lemma emeasure_tent_pullback_le:
  fixes \<phi> :: "'a::euclidean_space \<Rightarrow> 'a" and \<beta> :: "real \<times> 'a \<Rightarrow> real"
  assumes bl: "bi_lipschitz_homeo \<phi>" and pl: "preserves_lebesgue \<phi>"
    and \<beta>m: "\<beta> \<in> borel_measurable halfspace" and bound: "AE p in halfspace. \<bar>\<beta> p\<bar> \<le> M"
    and "r > 0"
  shows "emeasure (mu_beta (\<lambda>(t,x). \<beta> (t, \<phi> x))) (tent c r)
    \<le> (ennreal (M\<^sup>2 * ln (K_const \<phi>)) + 10 ^ DIM('a) * carleson_norm (mu_beta \<beta>))
        * emeasure lborel (ball c r)"
proof -
  define K where "K = K_const \<phi>"
  define s where "s = r / K"
  define U where "U = \<phi> ` ball c r"
  have "K \<ge> 2" unfolding K_def by (rule K_const_ge_2[OF bl])
  then have "0 < s" "s \<le> r" "ln (r / s) = ln K" using \<open>r > 0\<close> by (auto simp: s_def field_simps)
  have "open U" unfolding U_def by (rule bi_lipschitz_homeo_open_image[OF bl]) simp
  then have U: "U \<in> sets borel" "emeasure lborel U = emeasure lborel (ball c r)"
    using preserves_lebesgue_emeasure_lborel[OF pl] by (auto simp: U_def)
  have tents: "tent y t \<in> sets (mu_beta \<beta>)" for y t
    by (simp add: mu_beta_def tent_in_sets_halfspace)
  have "emeasure (mu_beta (\<lambda>(t,x). \<beta> (t, \<phi> x))) (tent c r) = emeasure (mu_beta \<beta>) ({0<..r} \<times> U)"
    unfolding tent_eq_Times U_def
    using lebesgue_preserving_bi_lipschitz_homeo_snd[OF bl pl] bi_lipschitz_homeo_inj[OF bl] U(1)
    by (intro emeasure_mu_beta_pullback[OF _ _ _ \<beta>m]) (auto simp: U_def)
  also have "{0<..r} \<times> U = {s<..r} \<times> U \<union> {0<..s} \<times> U"
    using \<open>0 < s\<close> \<open>s \<le> r\<close> by auto
  also have "emeasure (mu_beta \<beta>) \<dots>
      = emeasure (mu_beta \<beta>) ({s<..r} \<times> U) + emeasure (mu_beta \<beta>) ({0<..s} \<times> U)"
    using \<open>0 < s\<close> U(1)
    by (intro plus_emeasure[symmetric]) (auto simp: mu_beta_def intro!: Times_in_sets_halfspace)
  also have "\<dots> \<le> ennreal (M\<^sup>2 * ln K) * emeasure lborel (ball c r)
      + 10 ^ DIM('a) * carleson_norm (mu_beta \<beta>) * emeasure lborel (ball c r)"
  proof (rule add_mono)
    show "emeasure (mu_beta \<beta>) ({s<..r} \<times> U) \<le> ennreal (M\<^sup>2 * ln K) * emeasure lborel (ball c r)"
      using emeasure_mu_beta_upper_slab_le[OF \<beta>m bound \<open>0 < s\<close> \<open>s \<le> r\<close> U(1)] U(2)
        \<open>ln (r / s) = ln K\<close> by simp
    show "emeasure (mu_beta \<beta>) ({0<..s} \<times> U)
        \<le> 10 ^ DIM('a) * carleson_norm (mu_beta \<beta>) * emeasure lborel (ball c r)"
      using emeasure_lower_slab_le_carleson_norm[OF tents bl pl \<open>r > 0\<close>]
      unfolding s_def K_def U_def .
  qed
  finally show ?thesis unfolding K_def by (simp add: distrib_right)
qed
text \<open>With \<open>e = (p - 1) p ^ (m - v)\<close>, lifting the exponent gives
  \<open>a ^ e \<equiv> 1 + u p ^ m\<close> modulo \<open>p ^ (m + 1)\<close>, so multiplying \<open>a ^ k\<close> by \<open>a ^ (e i)\<close>
  adds \<open>i u a ^ k p ^ m\<close>; since \<open>u a ^ k\<close> is a unit modulo \<open>p\<close>, a suitable \<open>i\<close>
  absorbs the discrepancy \<open>(y - a ^ k) / p ^ m\<close>.\<close>
lemma power_cong_lift:
  fixes p a y k m v :: nat and u :: int
  assumes p: "prime p" "odd p" and "coprime a p" and v: "1 \<le> v" "v \<le> m"
    and "\<not> int p dvd u" and a: "int a ^ (p - 1) = 1 + u * int p ^ v"
    and y: "[y = a ^ k] (mod p ^ m)"
  shows "\<exists>k'. [y = a ^ k'] (mod p ^ (m + 1))"
proof -
  define e where "e = (p - 1) * p ^ (m - v)"
  have "int a ^ e = (1 + u * int p ^ v) ^ (p ^ (m - v))"
    unfolding e_def power_mult a ..
  then have "int p ^ (m + 1) dvd int a ^ e - (1 + u * int p ^ m)"
    using lifting_the_exponent[OF p(2) v(1), where u = u and j = "m - v"] v(2) by simp
  then have ci: "int p ^ (m + 1) dvd int a ^ (e * i) - (1 + int i * u * int p ^ m)" for i
    using power_cong_one_plus_prime_power[of m] v by (simp add: power_mult)
  obtain t where t: "int y - int a ^ k = int p ^ m * t"
    using y unfolding nat_cong_iff_int_dvd by auto
  have "\<not> p dvd a ^ k"
    using assms(3) p(1) by (simp add: prime_dvd_iff_not_coprime)
  then have "\<not> int p dvd int a ^ k"
    unfolding of_nat_power[symmetric] of_nat_dvd_iff .
  then have "\<not> int p dvd int a ^ k * u"
    using assms(6) p(1) by (simp add: prime_dvd_mult_iff)
  then obtain i where i: "int p dvd t - int i * (int a ^ k * u)"
    using prime_linear_cong_solvable[OF p(1)] by blast
  have "int y - int a ^ (k + e * i) =
      int p ^ m * (t - int i * (int a ^ k * u))
      - int a ^ k * (int a ^ (e * i) - (1 + int i * u * int p ^ m))"
    using t by (simp add: power_add algebra_simps)
  moreover have "int p ^ (m + 1) dvd int p ^ m * (t - int i * (int a ^ k * u))"
    using i by (simp add: mult_dvd_mono)
  ultimately have "int p ^ (m + 1) dvd int y - int a ^ (k + e * i)"
    using ci by (simp add: dvd_diff)
  then show ?thesis
    unfolding nat_cong_iff_int_dvd by (metis of_nat_power)
qed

▶ Description of the task: Where a line in the material above holds "symmetric", copy that line.

▶ Output of the task:
    by (intro plus_emeasure[symmetric]) (auto simp: mu_beta_def intro!: Times_in_sets_halfspace)
    unfolding of_nat_power[symmetric] of_nat_dvd_iff .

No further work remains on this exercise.